Egypt/France | French | Poetry (excerpts)
February, 2016Andrée Chedid's Textes pour la terre aimée (Texts for the beloved earth) was originally published in 1955 by les éditions Guy Lévis Mano (GLM). Lévis Mano was a French typographer, editor, translator, and poet who spent five years imprisoned during World War II. Upon Lévis' return to Paris in 1945, GLM published such luminaries as René Char, Paul Éluard, Henri Michaux, and Jacques Prévert. In 1987, Textes pour la terre aimée was republished by Flammarion as part of a collection titled Textes pour un poème: 1949-1970. Chedid dedicated the volume to Lévis Mano, "mains et voix de la poésie" (hands and voice of poetry).
Writing about the process of bringing "ces textes lointains" (these distant texts) to new life in the latter half of the twentieth century, Chedid posed a series of questions in the introduction to the Flammarion collection: "Pourquoi tous ces textes, forgés à prix d'anxiété et de plaisirs? Ces textes qui charrient peines et joies, ruines et clartés, qui apaisent parfois, interrogent le plus souvent....Pourquoi toute cette chasse aux mots, ce besoin de rapprocher le poème—à travers défrichements, confrontations, emboîtements inattendus, alliances qui surprennent—d'une émotion, d'un bouleversement intime, d'un cri du dedans, d'un chant indicible? Et pourquoi s'acheminer vers un espace qui n'aura jamais lieu?" (Why all these texts, forged at the price of anxiety and pleasure? These texts that carry pain and joy, ruins and clarity, that sometimes soothe, more often ask questions....Why all this hunting after words, the need to bring the poem closer—through clearings, confrontations, unexpected articulations, alliances that surprise—towards an emotion, an intimate dislocation, a cry from within, an unutterable song? And why move toward a place that never had location?)

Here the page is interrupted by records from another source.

(* Let $(k_i)_{i\in\mathbb N}\subset\mathbb N$ satisfy $k_{2i}>1$ for infinitely many $i$ and $k_{2i-1}>1$ for infinitely many $i$. Then $\bigcap_{n\ge1} Q^+B_{k_n}B_{k_{n-1}}\cdots B_{k_1}$ is a single half-line; equivalently, for every nonzero $\vec a\in Q^+$ the limit $(u,v,w)=\lim_{n\to\infty}\frac{\vec aB_{k_n}\cdots B_{k_1}}{\|\vec aB_{k_n}\cdots B_{k_1}\|_1}$ exists and is independent of $\vec a$, i.e. the direction $(u,v,w)$ is uniquely determined by $(k_i)_{i\in\mathbb N}$.
   Context: Vectors are row vectors and matrices act by right multiplication. $Q^+=\{x\in\mathbb R^3:x_i\ge0\}$. For $k\in\mathbb N$, $B_k=\begin{pmatrix}0&1&k-1\\1&0&0\\0&1&k\end{pmatrix}$ (this equals $UA_k^{-1}U^{-1}$ with $A_k=\begin{pmatrix}0&k&k-1\\1&0&0\\0&1&1\end{pmatrix}$ and $U=\begin{pmatrix}0&1&0\\1&0&0\\0&0&-1\end{pmatrix}$); each $B_k$ maps $Q^+$ into itself. *)

theory Defs
  imports "HOL-Analysis.Analysis"
begin

text \<open>Row vectors in R^3 are elements of real^3; matrices act by right
multiplication, x v* M.  Rows of B_k are (0,1,k-1), (1,0,0), (0,1,k).\<close>

definition Bmat :: "nat \<Rightarrow> real^3^3" where
  "Bmat k = vector [vector [0, 1, real k - 1], vector [1, 0, 0], vector [0, 1, real k]]"

definition Qplus :: "(real^3) set" where
  "Qplus = {x. \<forall>i. 0 \<le> x $ i}"

fun prodB :: "(nat \<Rightarrow> nat) \<Rightarrow> nat \<Rightarrow> real^3^3" where
  "prodB k 0 = mat 1"
| "prodB k (Suc n) = Bmat (k (Suc n)) ** prodB k n"

definition norm1 :: "real^3 \<Rightarrow> real" where
  "norm1 x = (\<Sum>i\<in>UNIV. \<bar>x $ i\<bar>)"

end

theory Submission
  imports Defs
begin

(* The cones C_n = Q+ B_{k_n} ... B_{k_1} are nested. Measure how far apart the
   l1-normalisations of two vectors are by their largest coordinate difference. A block
   B_{k_{s+2j+2}} B_1^{2j} B_{k_{s+1}} whose outer digits are at least 2 maps Q+ into
   {z. z1 + z2 <= 2 z3}, since B_1^2 is a shear; combining the rows of B_{k_s} ... B_{k_1}, whose
   third row has the largest coordinate sum, with such weights shrinks that distance within the
   cone by the factor 8/9. The parity hypotheses provide infinitely many such blocks, so the
   normalised cones shrink to one direction d. The cones are closed, hence all contain d, and the
   normalised orbit of every nonzero a in Q+ converges to d. *)

definition coord_sum :: "real^'n \<Rightarrow> real" where
  "coord_sum x = (\<Sum>i\<in>UNIV. x $ i)"

definition normalize_sum :: "real^'n \<Rightarrow> real^'n" where
  "normalize_sum x = (1 / coord_sum x) *\<^sub>R x"

lemma coord_sum_3: "coord_sum (x::real^3) = x$1 + x$2 + x$3"
  by (simp add: coord_sum_def sum_3)

lemma coord_sum_scaleR: "coord_sum (c *\<^sub>R x) = c * coord_sum x"
  by (simp add: coord_sum_def sum_distrib_left)

lemma coord_sum_vector_matrix: "coord_sum (x v* G) = (\<Sum>l\<in>UNIV. x$l * coord_sum (G$l))"
  unfolding coord_sum_def vector_matrix_mult_def
  by (simp add: sum_distrib_left) (rule sum.swap)

lemma coord_sum_zero [simp]: "coord_sum 0 = 0"
  by (simp add: coord_sum_def)

lemma normalize_sum_idem: "coord_sum x = 1 \<Longrightarrow> normalize_sum x = x"
  by (simp add: normalize_sum_def)

lemma coord_sum_normalize_sum: "coord_sum x \<noteq> 0 \<Longrightarrow> coord_sum (normalize_sum x) = 1"
  by (simp add: normalize_sum_def coord_sum_scaleR)

lemma axis_vector_matrix: "axis l 1 v* (G::real^'n^'m) = G$l"
  by (simp add: vec_eq_iff vector_matrix_mult_def axis_def if_distrib[where f = "\<lambda>c. c * _"] cong: if_cong)

lemma row_matrix_mult: "(A ** B)$i = A$i v* (B::real^'n^'m)"
  by (simp add: matrix_matrix_mult_def vector_matrix_mult_def vec_eq_iff mult.commute)

lemma Qplus_iff: "x \<in> Qplus \<longleftrightarrow> 0 \<le> x$1 \<and> 0 \<le> x$2 \<and> 0 \<le> x$3"
  by (simp add: Qplus_def forall_3)

lemma Qplus_scaleR: "x \<in> Qplus \<Longrightarrow> 0 \<le> c \<Longrightarrow> c *\<^sub>R x \<in> Qplus"
  by (simp add: Qplus_def)

lemma axis_Qplus: "axis l 1 \<in> Qplus"
  by (simp add: Qplus_def axis_def)

lemma closed_Qplus: "closed Qplus"
proof -
  have "closed {x::real^3. \<forall>i. x$i \<in> {0..}}" by (intro closed_vector_box) auto
  then show ?thesis by (simp add: Qplus_def)
qed

lemma Qplus_nth_le_coord_sum: "x \<in> Qplus \<Longrightarrow> 0 \<le> x$t \<and> x$t \<le> coord_sum x"
  using exhaust_3[of t] by (auto simp: Qplus_iff coord_sum_3)

lemma coord_sum_Qplus_nonneg: "x \<in> Qplus \<Longrightarrow> 0 \<le> coord_sum x"
  by (simp add: Qplus_iff coord_sum_3)

lemma coord_sum_Qplus_pos: "x \<in> Qplus \<Longrightarrow> x \<noteq> 0 \<Longrightarrow> 0 < coord_sum x"
  by (auto simp: Qplus_iff coord_sum_3 vec_eq_iff forall_3)

lemma norm1_Qplus: "x \<in> Qplus \<Longrightarrow> norm1 x = coord_sum x"
  by (simp add: norm1_def coord_sum_def Qplus_def)

lemma normalize_sum_Qplus: "x \<in> Qplus \<Longrightarrow> (1 / norm1 x) *\<^sub>R x = normalize_sum x"
  by (simp add: normalize_sum_def norm1_Qplus)

(* For nonzero u, v in Q+: the l1-normalisations of u and v differ by at most D in every
   coordinate. The denominators are cleared so that zero vectors need no special case. *)
definition dir_close :: "real \<Rightarrow> real^'n \<Rightarrow> real^'n \<Rightarrow> bool" where
  "dir_close D u v \<longleftrightarrow>
     (\<forall>t. \<bar>u$t * coord_sum v - v$t * coord_sum u\<bar> \<le> D * coord_sum u * coord_sum v)"

lemma dir_close_mono:
  assumes "dir_close D u v" "D \<le> D'" "0 \<le> coord_sum u * coord_sum v"
  shows "dir_close D' u v"
  unfolding dir_close_def
proof
  fix t
  have "\<bar>u$t * coord_sum v - v$t * coord_sum u\<bar> \<le> D * coord_sum u * coord_sum v"
    using assms(1) by (simp add: dir_close_def)
  also have "\<dots> \<le> D' * coord_sum u * coord_sum v"
    using mult_right_mono[OF assms(2,3)] by (simp add: mult.assoc)
  finally show "\<bar>u$t * coord_sum v - v$t * coord_sum u\<bar> \<le> D' * coord_sum u * coord_sum v" .
qed

lemma dir_close_Qplus: "u \<in> Qplus \<Longrightarrow> v \<in> Qplus \<Longrightarrow> dir_close 1 u v"
  unfolding dir_close_def
proof (intro allI)
  fix t assume u: "u \<in> Qplus" and v: "v \<in> Qplus"
  have "u$t * coord_sum v \<le> coord_sum u * coord_sum v" "v$t * coord_sum u \<le> coord_sum v * coord_sum u"
    using u v by (simp_all add: Qplus_nth_le_coord_sum coord_sum_Qplus_nonneg mult_right_mono)
  moreover have "0 \<le> u$t * coord_sum v" "0 \<le> v$t * coord_sum u"
    using u v by (simp_all add: Qplus_nth_le_coord_sum coord_sum_Qplus_nonneg)
  ultimately show "\<bar>u$t * coord_sum v - v$t * coord_sum u\<bar> \<le> 1 * coord_sum u * coord_sum v"
    by (simp add: abs_le_iff mult.commute)
qed
lemma pow_div_fact_le_exp_div_pow:
  fixes x c :: real
  assumes "0 \<le> x" "0 < c" "c * x \<le> real m"
  shows "x ^ m / fact m \<le> (exp 1 / c) ^ m"
proof -
  have "x ^ m / fact m \<le> (real m / c) ^ m / fact m"
    using assms by (intro divide_right_mono power_mono) (simp_all add: field_simps)
  also have "\<dots> = (real m ^ m / fact m) / c ^ m"
    by (simp add: power_divide)
  also have "\<dots> \<le> exp (real m) / c ^ m"
    using assms by (intro divide_right_mono pow_div_fact_le_exp) simp_all
  also have "\<dots> = (exp 1 / c) ^ m"
    by (simp add: power_divide flip: exp_of_nat_mult)
  finally show ?thesis .
qed

lemma two_mult_exp_div_ten_pow_le: "2 * (exp 1 / 10) ^ 10 \<le> (1 / 2 :: real)"
proof -
  have "(exp 1 / 10) ^ 10 \<le> (3 / 10 :: real) ^ 10"
    using exp_le by (intro power_mono) simp_all
  also have "\<dots> \<le> 1 / 4"
    by (simp add: power_divide)
  finally show ?thesis
    by simp
qed

lemma prob_large_matching_le:
  fixes p :: real
  assumes "0 \<le> p" "p \<le> 1" "1 \<le> N"
  shows "measure_pmf.prob (rand_matrix p N t)
           {X. \<exists>y M. y \<subseteq> {..<N} \<and> is_matching (edgesH X t y) M \<and>
                 \<not> real (card M) < 10 * max (real N) (real t ^ 2 * qpar N p (card y))}
     \<le> (1 / 2) ^ N"
proof -
  define k where "k = nat \<lfloor>p * real N\<rfloor>"
  define K where "K = ksubsets N k"
  let ?P = "Pi_pmf {..<t} {} (\<lambda>_. pmf_of_set K)"
  define m where "m y = nat \<lceil>10 * max (real N) (real t ^ 2 * qpar N p (card y))\<rceil>" for y :: "nat set"
  define Ev where "Ev y = {X. \<exists>M. is_matching (edgesH X t y) M \<and> m y \<le> card M}" for y
  have "k \<le> N"
    unfolding k_def using assms(1,2) by (rule nat_floor_mult_le)
  then have K: "finite K" "K \<noteq> {}" "card K = N choose k"
    unfolding K_def by (simp_all add: ksubsets_nonempty)
  have "finite (Pow {..<N})"
    by simp
  have "{X. \<exists>y M. y \<subseteq> {..<N} \<and> is_matching (edgesH X t y) M \<and>
                 \<not> real (card M) < 10 * max (real N) (real t ^ 2 * qpar N p (card y))}
      \<subseteq> (\<Union>y\<in>Pow {..<N}. Ev y)"
    unfolding Ev_def m_def by (force simp: nat_ceiling_le_eq)
  then have "measure_pmf.prob ?P
           {X. \<exists>y M. y \<subseteq> {..<N} \<and> is_matching (edgesH X t y) M \<and>
                 \<not> real (card M) < 10 * max (real N) (real t ^ 2 * qpar N p (card y))}
      \<le> real (card (Pow {..<N})) * (exp 1 / 10) ^ (10 * N)"
  proof (rule prob_union_bound[OF \<open>finite (Pow {..<N})\<close>])
    fix y assume "y \<in> Pow {..<N}"
    define q where "q = qpar N p (card y)"
    have "0 \<le> q"
      unfolding q_def qpar_def Let_def by simp
    have m_ge: "10 * real N \<le> real (m y)" "10 * (real t ^ 2 * q) \<le> real (m y)"
      unfolding m_def q_def by linarith+
    have "measure_pmf.prob ?P (Ev y)
        \<le> (real t ^ 2 * (real (card {(A, B). A \<in> K \<and> B \<in> K \<and> A \<union> B = y}) / real (card K) ^ 2))
             ^ m y / fact (m y)"
      unfolding Ev_def using K(1,2) by (rule prob_matching_card_ge_le)
    also have "\<dots> \<le> (real t ^ 2 * q) ^ m y / fact (m y)"
      using pairs_ksubsets_ratio_le_qpar[of y N k p] \<open>y \<in> Pow {..<N}\<close> K
      by (intro divide_right_mono power_mono mult_left_mono) (simp_all add: K_def k_def q_def)
    also have "\<dots> \<le> (exp 1 / 10) ^ m y"
      using \<open>0 \<le> q\<close> m_ge by (intro pow_div_fact_le_exp_div_pow) simp_all
    also have "\<dots> \<le> (exp 1 / 10) ^ (10 * N)"
      using m_ge exp_le by (intro power_decreasing) simp_all
    finally show "measure_pmf.prob ?P (Ev y) \<le> (exp 1 / 10) ^ (10 * N)" .
  qed
  also have "\<dots> = (2 * (exp 1 / 10) ^ 10) ^ N"
    by (simp add: card_Pow power_mult power_mult_distrib)
  also have "\<dots> \<le> (1 / 2) ^ N"
    using two_mult_exp_div_ten_pow_le by (rule power_mono) simp
  finally show ?thesis
    unfolding rand_matrix_eq_Pi_pmf K_def k_def .
qed

section \<open>The binomial distribution and the entropy bound\<close>

lemma pmf_binomial_Suc:
  assumes "0 \<le> p" "p \<le> 1"
  shows "pmf (binomial_pmf N p) (Suc j) * (real (Suc j) * (1 - p))
           = pmf (binomial_pmf N p) j * (real (N - j) * p)"
proof (cases "j < N")
  case True
  have "Suc j * (N choose Suc j) = (N - j) * (N choose j)"
    using binomial_absorption[of j N] binomial_absorb_comp[of N j] by simp
  then have "real (Suc j) * real (N choose Suc j) = real (N - j) * real (N choose j)"
    by (simp only: of_nat_mult [symmetric])
  moreover have "(1 - p) ^ (N - j) = (1 - p) ^ (N - Suc j) * (1 - p)"
    using True by (simp flip: power_Suc2 add: Suc_diff_Suc)
  ultimately show ?thesis
    using assms by (simp add: ac_simps)
next
  case False
  then show ?thesis
    using assms by simp
qed

lemma pmf_binomial_le_Suc:
  assumes "0 \<le> p" "p < 1" "real (Suc j) * (1 - p) \<le> real (N - j) * p"
  shows "pmf (binomial_pmf N p) j \<le> pmf (binomial_pmf N p) (Suc j)"
proof -
  have "pmf (binomial_pmf N p) j * (real (Suc j) * (1 - p))
      \<le> pmf (binomial_pmf N p) j * (real (N - j) * p)"
    using assms(3) by (rule mult_left_mono) simp
  also have "\<dots> = pmf (binomial_pmf N p) (Suc j) * (real (Suc j) * (1 - p))"
    using assms by (simp only: pmf_binomial_Suc)
  finally show ?thesis
    by (rule mult_right_le_imp_le) (use assms in simp)
qed

lemma pmf_binomial_Suc_le:
  assumes "0 \<le> p" "p < 1" "real (N - j) * p \<le> c * (real (Suc j) * (1 - p))"
  shows "pmf (binomial_pmf N p) (Suc j) \<le> c * pmf (binomial_pmf N p) j"
proof -
  have "pmf (binomial_pmf N p) (Suc j) * (real (Suc j) * (1 - p))
      = pmf (binomial_pmf N p) j * (real (N - j) * p)"
    using assms by (simp only: pmf_binomial_Suc)
  also have "\<dots> \<le> pmf (binomial_pmf N p) j * (c * (real (Suc j) * (1 - p)))"
    using assms(3) by (rule mult_left_mono) simp
  also have "\<dots> = c * pmf (binomial_pmf N p) j * (real (Suc j) * (1 - p))"
    by (simp only: ac_simps)
  finally show ?thesis
    by (rule mult_right_le_imp_le) (use assms in simp)
qed

lemma pmf_binomial_mono_below:
  assumes "0 \<le> p" "p < 1" "real k \<le> p * real N" "j \<le> k"
  shows "pmf (binomial_pmf N p) j \<le> pmf (binomial_pmf N p) k"
  using assms(4)
proof (induction j rule: inc_induct)
  case (step j)
  have "p * real N \<le> real N"
    using assms by (simp add: mult_left_le_one_le)
  then have "j \<le> N"
    using step.hyps assms(3) by linarith
  then have "real (Suc j) * (1 - p) \<le> real (N - j) * p"
    using step.hyps assms by (simp add: algebra_simps of_nat_diff)
  with step.IH show ?case
    using pmf_binomial_le_Suc assms by (meson order_trans)
qed simp

lemma pmf_binomial_antimono_above:
  assumes "0 \<le> p" "p < 1" "p * real N \<le> real k + 1" "Suc k \<le> j"
  shows "pmf (binomial_pmf N p) j \<le> pmf (binomial_pmf N p) (Suc k)"
  using assms(4)
proof (induction j rule: dec_induct)
  case (step j)
  have "real (N - j) * p \<le> 1 * (real (Suc j) * (1 - p))"
  proof (cases "j \<le> N")
    case True
    then show ?thesis
      using step.hyps assms by (simp add: algebra_simps of_nat_diff)
  next
    case False
    then show ?thesis
      using assms by simp
  qed
  with step.IH show ?case
    using pmf_binomial_Suc_le[of p N j 1] assms by simp
qed simp

lemma pmf_binomial_ge:
  assumes "0 \<le> p" "p \<le> 1 / 2" "real k \<le> p * real N" "p * real N \<le> real k + 1"
  shows "1 \<le> 2 * (real N + 1) * pmf (binomial_pmf N p) k"
proof -
  let ?B = "binomial_pmf N p"
  have "real (N - k) * p \<le> real N * p"
    using assms by (simp add: mult_right_mono)
  also have "\<dots> \<le> real (Suc k) * 1"
    using assms by (simp add: mult.commute)
  also have "\<dots> \<le> real (Suc k) * (2 * (1 - p))"
    using assms by (intro mult_left_mono) simp_all
  also have "\<dots> = 2 * (real (Suc k) * (1 - p))"
    by (simp only: ac_simps)
  finally have "pmf ?B (Suc k) \<le> 2 * pmf ?B k"
    by (rule pmf_binomial_Suc_le[rotated 2]) (use assms in simp_all)
  then have le_twice: "pmf ?B j \<le> 2 * pmf ?B k" for j
  proof (cases "j \<le> k")
    case True
    then have "pmf ?B j \<le> pmf ?B k"
      using pmf_binomial_mono_below[of p k N j] assms by (simp del: pmf_binomial)
    then show ?thesis
      using pmf_nonneg[of ?B k] by linarith
  next
    case False
    then show ?thesis
      using pmf_binomial_antimono_above[of p N k j] \<open>pmf ?B (Suc k) \<le> 2 * pmf ?B k\<close> assms
      by (simp del: pmf_binomial)
  qed
  have "1 = (\<Sum>j\<le>N. pmf ?B j)"
    using assms by (intro sum_pmf_eq_1[symmetric]) (auto simp: set_pmf_binomial_eq)
  also have "\<dots> \<le> (\<Sum>j\<le>N. 2 * pmf ?B k)"
    by (intro sum_mono le_twice)
  also have "\<dots> = 2 * (real N + 1) * pmf ?B k"
    by simp
  finally show ?thesis .
qed

lemma hbin_minus_mult_ln2:
  assumes "0 < p" "p < 1"
  shows "(hbin p - p) * ln 2 = - (p * ln (2 * p) + (1 - p) * ln (1 - p))"
  using assms unfolding hbin_def log_def by (simp add: ln_mult field_simps)
lemma prob_escape_le:
  assumes "0 < L" "real L \<le> r"
  shows "prob {\<omega> \<in> space M. \<not> infected T (base_segment n) 1 \<omega> \<subseteq> box n r}
    \<le> (2 * real n + 1) * (16 / sqrt L) ^ L"
proof -
  define P where "P = {ps \<in> walks (base_segment n) L. distinct ps} \<times> sorted_lists L L"
  define A where "A = (\<lambda>(ps, js). {\<omega> \<in> space M. arrivals_in_cells T L ps js \<omega>})"
  have "finite P"
    by (simp add: P_def finite_walks finite_base_segment finite_sorted_lists)
  have A: "A p \<in> sets M" if "p \<in> P" for p
    using that sets_arrivals_in_cells by (auto simp: A_def P_def)
  have "{\<omega> \<in> space M. \<not> infected T (base_segment n) 1 \<omega> \<subseteq> box n r} \<subseteq> (\<Union>p\<in>P. A p)"
    using escape_imp_arrivals_in_cells[OF _ _ assms(2,1)] by (fastforce simp: A_def P_def)
  then have "prob {\<omega> \<in> space M. \<not> infected T (base_segment n) 1 \<omega> \<subseteq> box n r} \<le> prob (\<Union>p\<in>P. A p)"
    using \<open>finite P\<close> A by (intro finite_measure_mono) auto
  also have "\<dots> \<le> (\<Sum>p\<in>P. prob (A p))"
    using \<open>finite P\<close> A by (rule measure_UNION_le)
  also have "\<dots> \<le> card P * (1 / sqrt L) ^ L"
  proof (rule sum_bounded_above)
    fix p assume "p \<in> P"
    moreover have "snd (hd ps) = 0" if "ps \<in> walks (base_segment n) L" for ps
      using that by (auto simp: walks_def base_segment_def)
    ultimately show "prob (A p) \<le> (1 / sqrt L) ^ L"
      using prob_arrivals_in_cells_le \<open>0 < L\<close> by (auto simp: A_def P_def)
  qed
  also have "\<dots> \<le> ((2 * n + 1) * 16 ^ L) * (1 / sqrt L) ^ L"
  proof -
    have "card {ps \<in> walks (base_segment n) L. distinct ps} \<le> card (walks (base_segment n) L)"
      by (intro card_mono finite_walks finite_base_segment) auto
    also have "\<dots> \<le> (2 * n + 1) * 4 ^ L"
      using card_walks_le[OF finite_base_segment] by (simp add: card_base_segment)
    finally have "card P \<le> (2 * n + 1) * 4 ^ L * 2 ^ (L + L)"
      unfolding P_def card_cartesian_product using card_sorted_lists_le[of L L] by (intro mult_le_mono) auto
    also have "\<dots> = (2 * n + 1) * 16 ^ L"
    proof -
      have "(2::nat) ^ (L + L) = 4 ^ L" "(4::nat) ^ L * 4 ^ L = 16 ^ L"
        by (simp_all add: power_add flip: power_mult_distrib)
      then show ?thesis
        by (simp only: mult.assoc)
    qed
    finally show ?thesis
      by (intro mult_right_mono) (simp_all only: of_nat_le_iff, simp)
  qed
  also have "\<dots> = (2 * real n + 1) * (16 / sqrt L) ^ L"
    using \<open>0 < L\<close> by (simp add: power_divide field_simps)
  finally show ?thesis .
qed
lemma disc_level_crossing_times:
  fixes d :: "nat \<Rightarrow> nat \<Rightarrow> real"
  assumes nonneg: "\<And>n m. 0 \<le> d n m"
    and regular: "eventually (\<lambda>n. (\<forall>m. 0 < d n m) \<and> antimono (d n)
       \<and> (\<forall>m. 2 * ln (d n (Suc m)) \<le> ln (d n m) + ln (d n (Suc (Suc m))))) sequentially"
    and "0 < \<epsilon>" and slow: "\<And>M. eventually (\<lambda>n. \<forall>m\<le>M. \<epsilon> < d n m) sequentially"
    and "precutoff_disc d"
  obtains \<tau> :: "nat \<Rightarrow> nat" and A B :: real and t :: "nat \<Rightarrow> real" and l :: real
  where "\<And>n. 0 < \<tau> n" "0 < A" "A < B" "(\<lambda>n. d n (nat \<lceil>B * t n\<rceil>)) \<longlonglongrightarrow> 0"
    and "\<And>T. eventually (\<lambda>n. T \<le> t n) sequentially"
    and "eventually (\<lambda>n. (\<forall>m. 0 < d n m) \<and> antimono (\<lambda>m. ln (d n m))
      \<and> (\<forall>m. 2 * ln (d n (Suc m)) \<le> ln (d n m) + ln (d n (Suc (Suc m))))
      \<and> A * t n / 2 \<le> real (\<tau> n) \<and> \<tau> n < nat \<lceil>B * t n\<rceil>
      \<and> real (nat \<lceil>B * t n\<rceil>) - real (\<tau> n) \<le> 2 * (B - A) * t n
      \<and> l \<le> ln (d n (\<tau> n)) \<and> ln (d n (Suc (\<tau> n))) < l \<and> ln (d n (nat \<lceil>B * t n\<rceil>)) < l) sequentially"
proof -
  obtain t :: "nat \<Rightarrow> real" and A B :: real where t: "\<And>n. 0 < t n" and AB: "0 < A" "A < B"
    and "limsup (\<lambda>n. ereal (d n (nat \<lceil>B * t n\<rceil>))) = 0"
    and "0 < liminf (\<lambda>n. ereal (d n (nat \<lfloor>A * t n\<rfloor>)))"
    using \<open>precutoff_disc d\<close> unfolding precutoff_disc_def by blast
  define p q where "p n = nat \<lfloor>A * t n\<rfloor>" and "q n = nat \<lceil>B * t n\<rceil>" for n
  have dq: "(\<lambda>n. d n (q n)) \<longlonglongrightarrow> 0"
    unfolding q_def by (intro tendsto_zero_if_limsup_eq_zero nonneg) fact
  obtain \<delta> where "0 < \<delta>" and dp: "eventually (\<lambda>n. \<delta> < d n (p n)) sequentially"
    using eventually_gt_if_liminf_pos[OF \<open>0 < liminf _\<close>] unfolding p_def by blast
  have t_large: "eventually (\<lambda>n. T \<le> t n) sequentially" for T
    using eventually_ge_if_late_small[OF slow _ order.strict_trans[OF AB]] dq[THEN order_tendstoD(2), OF \<open>0 < \<epsilon>\<close>]
    unfolding q_def by blast
  have "eventually (\<lambda>n. \<exists>\<tau>>0. (\<forall>m. 0 < d n m) \<and> antimono (\<lambda>m. ln (d n m))
      \<and> (\<forall>m. 2 * ln (d n (Suc m)) \<le> ln (d n m) + ln (d n (Suc (Suc m))))
      \<and> A * t n / 2 \<le> real \<tau> \<and> \<tau> < q n \<and> real (q n) - real \<tau> \<le> 2 * (B - A) * t n
      \<and> ln \<delta> \<le> ln (d n \<tau>) \<and> ln (d n (Suc \<tau>)) < ln \<delta> \<and> ln (d n (q n)) < ln \<delta>) sequentially"
    using regular dp dq[THEN order_tendstoD(2), OF \<open>0 < \<delta>\<close>] t_large[of "2 / A"] t_large[of "2 / (B - A)"]
  proof eventually_elim
    case (elim n)
    have pos: "\<And>m. 0 < d n m" and anti: "antimono (d n)" and \<delta>: "\<delta> < d n (p n)" "d n (q n) < \<delta>"
      using elim by blast+
    have large: "2 \<le> A * t n" "2 \<le> (B - A) * t n"
      using elim(4,5) AB by (simp_all add: pos_divide_le_eq mult.commute)
    note gap = floor_ceiling_gap[OF large, folded p_def q_def]
    have ln_anti: "antimono (\<lambda>m. ln (d n m))"
      by (rule antimonoI) (use pos antimonoD[OF anti] in simp)
    have below: "ln (d n (q n)) < ln \<delta>" and above: "ln \<delta> < ln (d n (p n))"
      using pos[of "p n"] pos[of "q n"] \<delta> \<open>0 < \<delta>\<close> by simp_all
    obtain \<tau> where "p n \<le> \<tau>" "\<tau> < q n" "ln \<delta> \<le> ln (d n \<tau>)" "ln (d n (Suc \<tau>)) < ln \<delta>"
      by (rule last_level_crossing[of "p n" "q n" "ln \<delta>" "\<lambda>m. ln (d n m)", OF gap(2) less_imp_le[OF above] below])
    moreover from \<open>p n \<le> \<tau>\<close> have "0 < \<tau>" "A * t n / 2 \<le> real \<tau>"
      "real (q n) - real \<tau> \<le> 2 * (B - A) * t n"
      using gap large by linarith+
    ultimately show ?case using elim ln_anti below by (intro exI[of _ \<tau>]) blast
  qed
  then obtain \<tau> where "\<And>n. 0 < \<tau> n" and "eventually (\<lambda>n. (\<forall>m. 0 < d n m) \<and> antimono (\<lambda>m. ln (d n m))
      \<and> (\<forall>m. 2 * ln (d n (Suc m)) \<le> ln (d n m) + ln (d n (Suc (Suc m))))
      \<and> A * t n / 2 \<le> real (\<tau> n) \<and> \<tau> n < q n \<and> real (q n) - real (\<tau> n) \<le> 2 * (B - A) * t n
      \<and> ln \<delta> \<le> ln (d n (\<tau> n)) \<and> ln (d n (Suc (\<tau> n))) < ln \<delta> \<and> ln (d n (q n)) < ln \<delta>) sequentially"
    by (rule eventually_pos_choice) blast
  with AB dq t_large show thesis unfolding q_def by (intro that)
qed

Never one to leave her reader in the dark without a companion, Chedid also offered a response that, almost thirty years later, continues to reach out a hand: "En réalité, je ne cherche pas d'épilogue, ni de jardin perdu; seule la poursuite me mène....Ainsi, chaque poème achevé continue de m'apparaître comme un caillou dans la forêt insondable, comme un anneau dans la chaîne qui me relie à tous les vivants." (In truth, I don't seek an epilogue, nor a lost garden; only the pursuit leads me....Such does each completed poem continue to appear for me as a pebble in an unfathomable forest, as a link in the chain that connects me to all the living.)